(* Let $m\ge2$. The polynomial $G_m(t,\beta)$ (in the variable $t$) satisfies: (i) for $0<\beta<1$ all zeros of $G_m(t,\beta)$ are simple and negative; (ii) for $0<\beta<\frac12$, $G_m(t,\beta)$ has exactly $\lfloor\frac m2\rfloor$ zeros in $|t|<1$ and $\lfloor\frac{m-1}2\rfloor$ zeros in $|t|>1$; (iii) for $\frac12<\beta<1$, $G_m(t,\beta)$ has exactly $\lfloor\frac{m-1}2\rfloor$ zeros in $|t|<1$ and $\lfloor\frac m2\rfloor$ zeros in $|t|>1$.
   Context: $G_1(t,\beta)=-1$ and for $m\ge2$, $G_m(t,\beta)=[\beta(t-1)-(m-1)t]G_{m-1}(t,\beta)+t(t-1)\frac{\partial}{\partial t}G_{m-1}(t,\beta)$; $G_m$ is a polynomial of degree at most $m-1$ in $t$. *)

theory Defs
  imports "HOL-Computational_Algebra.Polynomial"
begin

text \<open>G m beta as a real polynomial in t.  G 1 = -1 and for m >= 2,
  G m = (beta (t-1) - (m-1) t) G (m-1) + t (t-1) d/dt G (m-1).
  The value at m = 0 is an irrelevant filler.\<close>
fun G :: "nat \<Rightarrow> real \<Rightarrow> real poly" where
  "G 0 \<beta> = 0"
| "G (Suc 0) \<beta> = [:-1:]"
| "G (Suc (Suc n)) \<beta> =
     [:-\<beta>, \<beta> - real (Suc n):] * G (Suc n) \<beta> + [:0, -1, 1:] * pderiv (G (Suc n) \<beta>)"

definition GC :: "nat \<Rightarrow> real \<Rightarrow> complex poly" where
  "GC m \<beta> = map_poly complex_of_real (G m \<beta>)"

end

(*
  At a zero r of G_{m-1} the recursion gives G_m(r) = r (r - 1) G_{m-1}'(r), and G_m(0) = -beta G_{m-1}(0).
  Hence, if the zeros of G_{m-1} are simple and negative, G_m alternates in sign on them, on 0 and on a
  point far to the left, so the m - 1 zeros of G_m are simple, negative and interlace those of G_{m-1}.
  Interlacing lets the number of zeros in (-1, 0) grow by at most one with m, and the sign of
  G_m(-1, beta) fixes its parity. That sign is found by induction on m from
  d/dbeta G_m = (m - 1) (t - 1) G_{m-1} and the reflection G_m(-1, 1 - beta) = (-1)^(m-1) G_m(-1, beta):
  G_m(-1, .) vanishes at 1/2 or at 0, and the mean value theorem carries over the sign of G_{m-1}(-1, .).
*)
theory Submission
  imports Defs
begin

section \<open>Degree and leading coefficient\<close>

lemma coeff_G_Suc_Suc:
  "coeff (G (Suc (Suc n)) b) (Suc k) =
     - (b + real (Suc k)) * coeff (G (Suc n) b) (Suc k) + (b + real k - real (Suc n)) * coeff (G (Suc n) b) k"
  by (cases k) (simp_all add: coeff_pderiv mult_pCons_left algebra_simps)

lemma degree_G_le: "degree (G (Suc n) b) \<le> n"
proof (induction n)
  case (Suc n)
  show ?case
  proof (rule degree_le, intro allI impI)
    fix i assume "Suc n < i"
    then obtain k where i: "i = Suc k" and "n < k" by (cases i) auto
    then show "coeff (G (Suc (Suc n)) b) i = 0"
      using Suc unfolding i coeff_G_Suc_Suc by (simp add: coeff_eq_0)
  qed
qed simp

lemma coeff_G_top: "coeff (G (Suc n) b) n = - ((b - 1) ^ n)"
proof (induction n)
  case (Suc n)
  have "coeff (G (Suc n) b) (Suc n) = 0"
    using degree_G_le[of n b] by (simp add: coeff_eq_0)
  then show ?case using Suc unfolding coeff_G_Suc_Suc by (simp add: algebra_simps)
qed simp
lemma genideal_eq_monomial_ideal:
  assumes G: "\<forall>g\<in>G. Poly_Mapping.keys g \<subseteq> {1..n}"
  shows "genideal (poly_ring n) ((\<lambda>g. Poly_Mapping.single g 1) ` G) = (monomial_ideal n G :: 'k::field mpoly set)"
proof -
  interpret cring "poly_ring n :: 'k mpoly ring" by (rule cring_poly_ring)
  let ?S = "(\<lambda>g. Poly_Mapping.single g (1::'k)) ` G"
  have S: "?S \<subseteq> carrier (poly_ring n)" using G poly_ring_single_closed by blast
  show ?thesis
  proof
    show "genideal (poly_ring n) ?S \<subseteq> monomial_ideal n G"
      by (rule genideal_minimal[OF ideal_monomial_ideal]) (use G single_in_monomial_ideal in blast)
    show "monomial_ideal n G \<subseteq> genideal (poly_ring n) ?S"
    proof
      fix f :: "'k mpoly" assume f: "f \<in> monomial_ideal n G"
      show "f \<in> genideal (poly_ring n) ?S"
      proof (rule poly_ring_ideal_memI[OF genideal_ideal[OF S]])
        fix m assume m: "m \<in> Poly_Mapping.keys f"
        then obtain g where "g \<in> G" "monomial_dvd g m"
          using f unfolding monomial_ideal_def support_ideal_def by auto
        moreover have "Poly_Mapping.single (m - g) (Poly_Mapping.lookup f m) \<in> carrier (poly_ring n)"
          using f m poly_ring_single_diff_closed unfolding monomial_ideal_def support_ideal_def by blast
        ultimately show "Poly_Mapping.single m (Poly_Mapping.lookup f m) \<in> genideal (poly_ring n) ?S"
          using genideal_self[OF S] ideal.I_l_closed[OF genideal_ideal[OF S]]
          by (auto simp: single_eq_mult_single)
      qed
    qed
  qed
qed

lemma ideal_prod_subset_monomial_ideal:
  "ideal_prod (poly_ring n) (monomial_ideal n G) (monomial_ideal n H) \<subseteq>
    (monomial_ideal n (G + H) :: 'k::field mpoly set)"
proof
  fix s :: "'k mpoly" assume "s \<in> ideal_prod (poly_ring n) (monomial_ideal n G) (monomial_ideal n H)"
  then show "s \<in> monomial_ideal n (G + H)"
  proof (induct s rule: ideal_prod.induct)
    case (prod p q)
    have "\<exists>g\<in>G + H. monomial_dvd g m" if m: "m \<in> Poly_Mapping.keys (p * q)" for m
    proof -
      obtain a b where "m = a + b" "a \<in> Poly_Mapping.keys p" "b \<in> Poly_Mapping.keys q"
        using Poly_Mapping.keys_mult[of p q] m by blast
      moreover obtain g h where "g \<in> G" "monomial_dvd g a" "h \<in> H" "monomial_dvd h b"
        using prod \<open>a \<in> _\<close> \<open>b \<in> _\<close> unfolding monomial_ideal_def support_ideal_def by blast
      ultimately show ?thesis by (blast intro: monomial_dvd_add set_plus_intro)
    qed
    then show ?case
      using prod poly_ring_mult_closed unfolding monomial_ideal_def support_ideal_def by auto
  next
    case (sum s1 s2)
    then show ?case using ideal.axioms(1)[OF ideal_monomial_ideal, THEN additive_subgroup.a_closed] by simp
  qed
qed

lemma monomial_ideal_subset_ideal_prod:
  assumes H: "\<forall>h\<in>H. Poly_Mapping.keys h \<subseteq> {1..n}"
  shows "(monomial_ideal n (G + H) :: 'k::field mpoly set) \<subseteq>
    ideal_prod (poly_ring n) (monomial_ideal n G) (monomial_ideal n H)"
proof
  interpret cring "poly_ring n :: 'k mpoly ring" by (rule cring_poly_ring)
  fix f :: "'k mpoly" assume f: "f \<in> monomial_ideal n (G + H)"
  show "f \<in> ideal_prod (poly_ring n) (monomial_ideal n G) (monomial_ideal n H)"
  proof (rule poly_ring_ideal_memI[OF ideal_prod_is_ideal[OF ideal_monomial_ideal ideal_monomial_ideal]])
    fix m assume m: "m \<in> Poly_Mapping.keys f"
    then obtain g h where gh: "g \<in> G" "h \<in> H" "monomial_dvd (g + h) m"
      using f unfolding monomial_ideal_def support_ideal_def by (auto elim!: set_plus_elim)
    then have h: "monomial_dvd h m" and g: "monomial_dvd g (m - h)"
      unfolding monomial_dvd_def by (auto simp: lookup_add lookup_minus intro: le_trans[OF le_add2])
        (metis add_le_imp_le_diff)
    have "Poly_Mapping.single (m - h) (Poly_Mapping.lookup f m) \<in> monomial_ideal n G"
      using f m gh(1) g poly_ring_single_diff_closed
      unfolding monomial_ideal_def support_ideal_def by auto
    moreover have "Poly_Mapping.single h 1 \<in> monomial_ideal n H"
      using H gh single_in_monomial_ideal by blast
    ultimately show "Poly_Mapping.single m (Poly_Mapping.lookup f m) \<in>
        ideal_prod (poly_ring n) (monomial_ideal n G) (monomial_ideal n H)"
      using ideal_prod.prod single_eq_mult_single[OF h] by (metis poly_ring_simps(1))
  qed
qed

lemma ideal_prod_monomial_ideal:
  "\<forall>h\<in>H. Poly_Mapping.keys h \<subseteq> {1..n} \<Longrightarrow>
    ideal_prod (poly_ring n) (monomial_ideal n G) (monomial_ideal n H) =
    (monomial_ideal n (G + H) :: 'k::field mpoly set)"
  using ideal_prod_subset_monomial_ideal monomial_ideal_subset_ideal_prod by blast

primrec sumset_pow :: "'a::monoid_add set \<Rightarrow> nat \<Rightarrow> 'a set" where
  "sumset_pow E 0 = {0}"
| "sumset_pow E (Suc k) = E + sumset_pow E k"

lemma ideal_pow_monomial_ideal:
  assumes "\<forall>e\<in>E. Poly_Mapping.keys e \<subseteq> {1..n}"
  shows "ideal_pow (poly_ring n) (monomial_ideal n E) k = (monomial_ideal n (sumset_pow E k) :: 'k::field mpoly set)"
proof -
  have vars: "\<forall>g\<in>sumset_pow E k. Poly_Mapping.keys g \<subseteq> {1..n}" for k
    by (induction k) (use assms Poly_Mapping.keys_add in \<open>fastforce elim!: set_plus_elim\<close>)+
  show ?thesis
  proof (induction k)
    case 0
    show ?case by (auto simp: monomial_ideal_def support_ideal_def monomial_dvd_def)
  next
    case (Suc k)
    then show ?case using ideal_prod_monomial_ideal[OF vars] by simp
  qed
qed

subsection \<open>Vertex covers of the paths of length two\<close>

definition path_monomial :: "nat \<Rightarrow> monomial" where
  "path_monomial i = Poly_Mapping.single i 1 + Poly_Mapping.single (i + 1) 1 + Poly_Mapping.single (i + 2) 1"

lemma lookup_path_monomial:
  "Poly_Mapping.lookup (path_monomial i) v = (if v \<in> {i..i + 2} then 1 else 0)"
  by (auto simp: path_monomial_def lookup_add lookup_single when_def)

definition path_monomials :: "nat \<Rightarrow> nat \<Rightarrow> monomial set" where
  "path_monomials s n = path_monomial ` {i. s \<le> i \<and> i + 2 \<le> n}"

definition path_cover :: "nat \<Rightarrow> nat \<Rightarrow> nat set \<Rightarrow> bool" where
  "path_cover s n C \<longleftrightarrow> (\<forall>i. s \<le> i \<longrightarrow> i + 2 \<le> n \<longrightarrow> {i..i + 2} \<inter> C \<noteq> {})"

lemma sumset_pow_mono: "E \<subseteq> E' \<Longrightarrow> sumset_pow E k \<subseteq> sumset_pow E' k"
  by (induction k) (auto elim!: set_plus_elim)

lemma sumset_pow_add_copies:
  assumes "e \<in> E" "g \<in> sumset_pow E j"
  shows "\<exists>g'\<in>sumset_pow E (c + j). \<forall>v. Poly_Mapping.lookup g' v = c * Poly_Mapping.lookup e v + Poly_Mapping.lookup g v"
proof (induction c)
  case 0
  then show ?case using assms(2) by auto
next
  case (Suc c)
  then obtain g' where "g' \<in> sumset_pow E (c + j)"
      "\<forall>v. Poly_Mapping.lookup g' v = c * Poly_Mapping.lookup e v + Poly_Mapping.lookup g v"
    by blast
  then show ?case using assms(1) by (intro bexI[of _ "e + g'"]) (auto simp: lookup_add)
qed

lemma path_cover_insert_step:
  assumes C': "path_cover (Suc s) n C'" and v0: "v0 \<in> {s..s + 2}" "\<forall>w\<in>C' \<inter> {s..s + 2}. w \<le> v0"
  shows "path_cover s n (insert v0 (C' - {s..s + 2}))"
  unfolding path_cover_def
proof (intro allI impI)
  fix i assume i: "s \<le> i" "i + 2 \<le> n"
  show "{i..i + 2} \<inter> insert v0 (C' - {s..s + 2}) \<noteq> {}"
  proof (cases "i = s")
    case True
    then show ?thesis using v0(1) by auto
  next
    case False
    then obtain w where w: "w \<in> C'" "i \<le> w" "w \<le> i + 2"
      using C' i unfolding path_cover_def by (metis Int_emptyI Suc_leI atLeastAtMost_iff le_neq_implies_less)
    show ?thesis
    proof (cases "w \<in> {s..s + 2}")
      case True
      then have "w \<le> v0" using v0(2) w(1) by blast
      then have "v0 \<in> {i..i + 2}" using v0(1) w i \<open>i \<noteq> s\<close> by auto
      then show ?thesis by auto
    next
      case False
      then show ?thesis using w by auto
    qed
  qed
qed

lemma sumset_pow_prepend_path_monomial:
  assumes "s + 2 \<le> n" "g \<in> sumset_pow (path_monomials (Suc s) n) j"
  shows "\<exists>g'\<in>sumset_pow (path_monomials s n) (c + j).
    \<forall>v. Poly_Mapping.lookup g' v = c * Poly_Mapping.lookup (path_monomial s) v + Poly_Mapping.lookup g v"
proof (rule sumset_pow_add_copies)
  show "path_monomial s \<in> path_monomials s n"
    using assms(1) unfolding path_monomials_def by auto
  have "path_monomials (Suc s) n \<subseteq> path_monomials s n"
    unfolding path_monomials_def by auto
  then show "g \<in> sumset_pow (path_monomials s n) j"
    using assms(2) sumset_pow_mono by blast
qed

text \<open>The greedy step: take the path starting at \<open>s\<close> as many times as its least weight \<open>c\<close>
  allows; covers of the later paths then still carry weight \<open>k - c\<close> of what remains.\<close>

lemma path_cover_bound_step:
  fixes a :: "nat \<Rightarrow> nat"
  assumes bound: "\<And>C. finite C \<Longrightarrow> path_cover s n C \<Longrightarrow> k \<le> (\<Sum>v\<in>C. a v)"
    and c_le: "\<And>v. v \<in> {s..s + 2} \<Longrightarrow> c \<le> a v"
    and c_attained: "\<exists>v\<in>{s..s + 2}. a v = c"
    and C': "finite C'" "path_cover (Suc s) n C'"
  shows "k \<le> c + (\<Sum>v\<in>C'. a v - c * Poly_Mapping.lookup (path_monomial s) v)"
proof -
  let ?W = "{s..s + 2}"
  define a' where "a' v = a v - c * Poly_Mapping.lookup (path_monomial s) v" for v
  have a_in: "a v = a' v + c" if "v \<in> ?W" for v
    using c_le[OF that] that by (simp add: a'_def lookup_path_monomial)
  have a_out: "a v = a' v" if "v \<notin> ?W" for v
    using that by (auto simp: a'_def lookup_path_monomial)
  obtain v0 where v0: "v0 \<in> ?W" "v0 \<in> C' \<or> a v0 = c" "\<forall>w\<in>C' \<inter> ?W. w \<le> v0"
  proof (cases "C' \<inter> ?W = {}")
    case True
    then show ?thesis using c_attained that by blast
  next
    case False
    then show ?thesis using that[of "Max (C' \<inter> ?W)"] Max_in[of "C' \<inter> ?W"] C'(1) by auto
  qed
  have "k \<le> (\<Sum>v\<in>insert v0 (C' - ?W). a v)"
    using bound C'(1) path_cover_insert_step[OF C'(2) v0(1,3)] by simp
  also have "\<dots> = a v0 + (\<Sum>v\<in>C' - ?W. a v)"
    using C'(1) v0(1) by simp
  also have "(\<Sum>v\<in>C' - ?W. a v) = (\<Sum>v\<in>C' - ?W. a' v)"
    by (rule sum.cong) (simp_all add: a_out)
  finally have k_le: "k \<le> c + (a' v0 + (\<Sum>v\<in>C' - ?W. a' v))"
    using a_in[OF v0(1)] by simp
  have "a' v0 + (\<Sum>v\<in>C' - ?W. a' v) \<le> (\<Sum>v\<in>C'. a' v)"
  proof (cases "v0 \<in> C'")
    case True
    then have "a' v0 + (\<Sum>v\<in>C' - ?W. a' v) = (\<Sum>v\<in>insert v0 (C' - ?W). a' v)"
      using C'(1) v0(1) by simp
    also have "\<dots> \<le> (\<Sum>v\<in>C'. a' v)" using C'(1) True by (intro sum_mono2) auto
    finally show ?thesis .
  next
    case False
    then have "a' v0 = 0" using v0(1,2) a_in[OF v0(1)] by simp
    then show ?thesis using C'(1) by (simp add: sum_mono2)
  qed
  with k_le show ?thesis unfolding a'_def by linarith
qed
○ ○ ○
What is being asked
Reply with one number only: the count of lines in the entries that contain "lambda".

Response
2